ColQwen2 v1.0
Property | Value |
---|---|
License | MIT |
Base Model | Qwen2-VL-2B-Instruct |
Paper | ColPali: Efficient Document Retrieval with Vision Language Models |
Language | English |
What is colqwen2-v1.0?
ColQwen2 v1.0 is an innovative visual retrieval model that combines the power of Qwen2-VL-2B-Instruct with ColBERT strategy to efficiently index and retrieve documents based on their visual features. This version represents a significant improvement with its larger batch size training (256 instead of 32) and updated pad token implementation.
Implementation Details
The model utilizes a dynamic image resolution approach, allowing it to process images without forced resizing or aspect ratio changes. It's limited to creating a maximum of 768 image patches, striking a balance between performance and memory efficiency. Training was conducted using bfloat16 format with LoRA adapters (alpha=32, r=32) and a paged_adamw_8bit optimizer.

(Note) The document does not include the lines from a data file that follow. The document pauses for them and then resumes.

lemma pmult_JMe_GJ: "\<lbrakk>x \<in> JMe; \<alpha> \<in> GJ M e\<rbrakk> \<Longrightarrow> x \<cdot> \<alpha> = x \<otimes> \<alpha>"
  using JMe_mult_GJ unfolding JMe_def by (simp add: pmult_eq)

lemma pmult_assoc:
  assumes a: "a \<in> carrier M" and x: "x \<in> Jid M e" and \<alpha>: "\<alpha> \<in> carrier M"
  shows "a \<cdot> (x \<cdot> \<alpha>) = (a \<cdot> x) \<cdot> \<alpha>"
proof -
  have xc: "x \<in> carrier M"
    using x Jid_idem_closed by blast
  have "x \<otimes> \<alpha> \<in> Jclass" "a \<otimes> x \<in> Jclass" if "a \<otimes> x \<otimes> \<alpha> \<in> Jclass"
    using that Jclass_factor_left[OF Jid_idem_mult_right[OF x \<alpha>] a]
      Jclass_factor_right[OF Jid_idem_mult_left[OF x a] \<alpha>] a xc \<alpha>
    by (simp_all add: m_assoc)
  then show ?thesis
    using a xc \<alpha> zero_notin_Jclass by (auto simp: pmult_eq m_assoc)
qed

lemma PEe_Jid: "x \<in> Pe \<Longrightarrow> x \<in> Jid M e"
  using Jid_memI[of e zM \<one>] by (auto simp: PEe_eq JMe_def Jclass_iff)

lemma PEe_Pset: "x \<in> Pe \<Longrightarrow> x \<in> Pset M zM e"
  by (auto simp: PEe_eq Pset_eq JMe_def)

lemma PEe_carrier: "x \<in> Pe \<Longrightarrow> x \<in> carrier M"
  using PEe_Jid Jid_idem_closed by blast

lemma PEe_closed: "\<lbrakk>a \<in> carrier M; x \<in> Pe\<rbrakk> \<Longrightarrow> a \<cdot> x \<in> Pe"
  using JMe_closed by (auto simp: PEe_eq pmult_eq JMe_def m_assoc)

lemma PEe_mult_hatGJ: "\<lbrakk>x \<in> Pe; \<alpha> \<in> hatGJ M zM e\<rbrakk> \<Longrightarrow> x \<cdot> \<alpha> \<in> Pe"
  using pmult_JMe_GJ JMe_mult_GJ JMe_closed GJ_closed
  by (auto simp: PEe_eq hatGJ_def)

lemma iota_idem_GJ:
  assumes g: "g \<in> carrier G"
  shows "\<iota> g \<otimes> e \<in> GJ M e"
proof -
  have inv: "inv (\<iota> g) \<in> carrier M"
    using Units_inv_closed[OF iota_unit[OF g]] .
  have "inv (\<iota> g) \<otimes> (\<iota> g \<otimes> e) \<otimes> \<one> \<in> Jid M (\<iota> g \<otimes> e)"
    using Jid_memI[OF _ inv one_closed] g by simp
  moreover have "inv (\<iota> g) \<otimes> (\<iota> g \<otimes> e) \<otimes> \<one> = e"
    using iota_unit[OF g] inv g by (simp add: Units_l_inv flip: m_assoc)
  moreover have "\<iota> g \<otimes> e \<in> Jid M e"
    using Jid_idem_mult_left[OF Jid_self] g by simp
  moreover have "e \<otimes> (\<iota> g \<otimes> e) = \<iota> g \<otimes> e" "\<iota> g \<otimes> e \<otimes> e = \<iota> g \<otimes> e"
    using iota_central[OF g idem_closed] g by (simp_all add: m_assoc)
  ultimately show ?thesis
    using GJ_iff Jclass_iff by simp
qed

lemma pmult_iota_JMe:
  assumes x: "x \<in> JMe" and g: "g \<in> carrier G"
  shows "\<iota> g \<cdot> x = x \<cdot> (\<iota> g \<otimes> e)"
proof -
  have "\<iota> g \<otimes> x = x \<otimes> (\<iota> g \<otimes> e)"
    using x g iota_central JMe_closed[OF x] unfolding JMe_def by (simp flip: m_assoc)
  then show ?thesis
    by (simp add: pmult_eq)
qed

lemma P_rep: "rep_obj G M zM \<iota> (Pset M zM e) zM (\<lambda>g x. \<iota> g \<cdot> x) (\<cdot>)"
  using left_ind unfolding left_inductive_def by simp

lemma P_one: "x \<in> Pset M zM e \<Longrightarrow> \<one> \<cdot> x = x"
  using P_rep unfolding rep_obj_def by blast

lemma P_comp: "\<lbrakk>a \<in> carrier M; b \<in> carrier M; x \<in> Pset M zM e\<rbrakk> \<Longrightarrow> (a \<otimes> b) \<cdot> x = a \<cdot> (b \<cdot> x)"
  using P_rep unfolding rep_obj_def by blast

lemma P_iota_one: "x \<in> Pset M zM e \<Longrightarrow> \<iota> \<one>\<^bsub>G\<^esub> \<cdot> x = x"
  using P_rep unfolding rep_obj_def vect_obj_def by blast

lemma P_iota_comp:
  "\<lbrakk>g \<in> carrier G; h \<in> carrier G; x \<in> Pset M zM e\<rbrakk> \<Longrightarrow> \<iota> (g \<otimes>\<^bsub>G\<^esub> h) \<cdot> x = \<iota> g \<cdot> (\<iota> h \<cdot> x)"
  using P_rep unfolding rep_obj_def vect_obj_def by blast

lemma P_iota_comm:
  "\<lbrakk>a \<in> carrier M; g \<in> carrier G; x \<in> Pset M zM e\<rbrakk> \<Longrightarrow> a \<cdot> (\<iota> g \<cdot> x) = \<iota> g \<cdot> (a \<cdot> x)"
  using P_rep unfolding rep_obj_def vect_mor_def by blast

lemma P_orbit:
  "\<lbrakk>a \<in> carrier M; x1 \<in> Pset M zM e; x2 \<in> Pset M zM e; a \<cdot> x1 = a \<cdot> x2; a \<cdot> x1 \<noteq> zM\<rbrakk>
    \<Longrightarrow> (\<lambda>g. \<iota> g \<cdot> x1) ` carrier G = (\<lambda>g. \<iota> g \<cdot> x2) ` carrier G"
  using P_rep unfolding rep_obj_def vect_mor_def by blast

section \<open>The tensor relation\<close>

lemma W_obj: "vect_obj G W zW act"
  using W_rep unfolding repGJ_obj_def by blast

lemma zero_vec_closed [simp]: "zW \<in> W"
  and act_closed: "\<lbrakk>g \<in> carrier G; w \<in> W\<rbrakk> \<Longrightarrow> act g w \<in> W"
  and act_free: "\<lbrakk>g \<in> carrier G; w \<in> W; w \<noteq> zW; act g w = w\<rbrakk> \<Longrightarrow> g = \<one>\<^bsub>G\<^esub>"
  using W_obj unfolding vect_obj_def by blast+

lemma sigma_closed: "\<lbrakk>\<alpha> \<in> hatGJ M zM e; w \<in> W\<rbrakk> \<Longrightarrow> \<sigma> \<alpha> w \<in> W"
  and sigma_zero_vec: "\<alpha> \<in> hatGJ M zM e \<Longrightarrow> \<sigma> \<alpha> zW = zW"
  using W_rep unfolding repGJ_obj_def vect_mor_def by blast+

lemma sigma_mult: "\<lbrakk>\<alpha> \<in> hatGJ M zM e; \<beta> \<in> hatGJ M zM e; w \<in> W\<rbrakk> \<Longrightarrow> \<sigma> (\<alpha> \<otimes> \<beta>) w = \<sigma> \<alpha> (\<sigma> \<beta> w)"
  and sigma_idem: "w \<in> W \<Longrightarrow> \<sigma> e w = w"
  and sigma_zero: "w \<in> W \<Longrightarrow> \<sigma> zM w = zW"
  and sigma_iota: "\<lbrakk>g \<in> carrier G; w \<in> W\<rbrakk> \<Longrightarrow> \<sigma> (\<iota> g \<otimes> e) w = act g w"
  using W_rep unfolding repGJ_obj_def by blast+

- Trained on 127,460 query-page pairs
- Uses low-rank adapters for transformer layers
- Implements ColBERT-style multi-vector representations
- Supports dynamic image resolutions
Core Capabilities
- Efficient document indexing from visual features
- Multi-vector representation generation
- Dynamic image resolution processing
- Zero-shot generalization potential to non-English languages
Frequently Asked Questions
Q: What makes this model unique?
The model's unique combination of Qwen2-VL architecture with ColBERT strategy, along with its ability to handle dynamic image resolutions and generate multi-vector representations, sets it apart in the document retrieval space.
Q: What are the recommended use cases?
The model is particularly well-suited for PDF-type document retrieval tasks, academic research, and applications requiring efficient visual-textual document indexing and retrieval.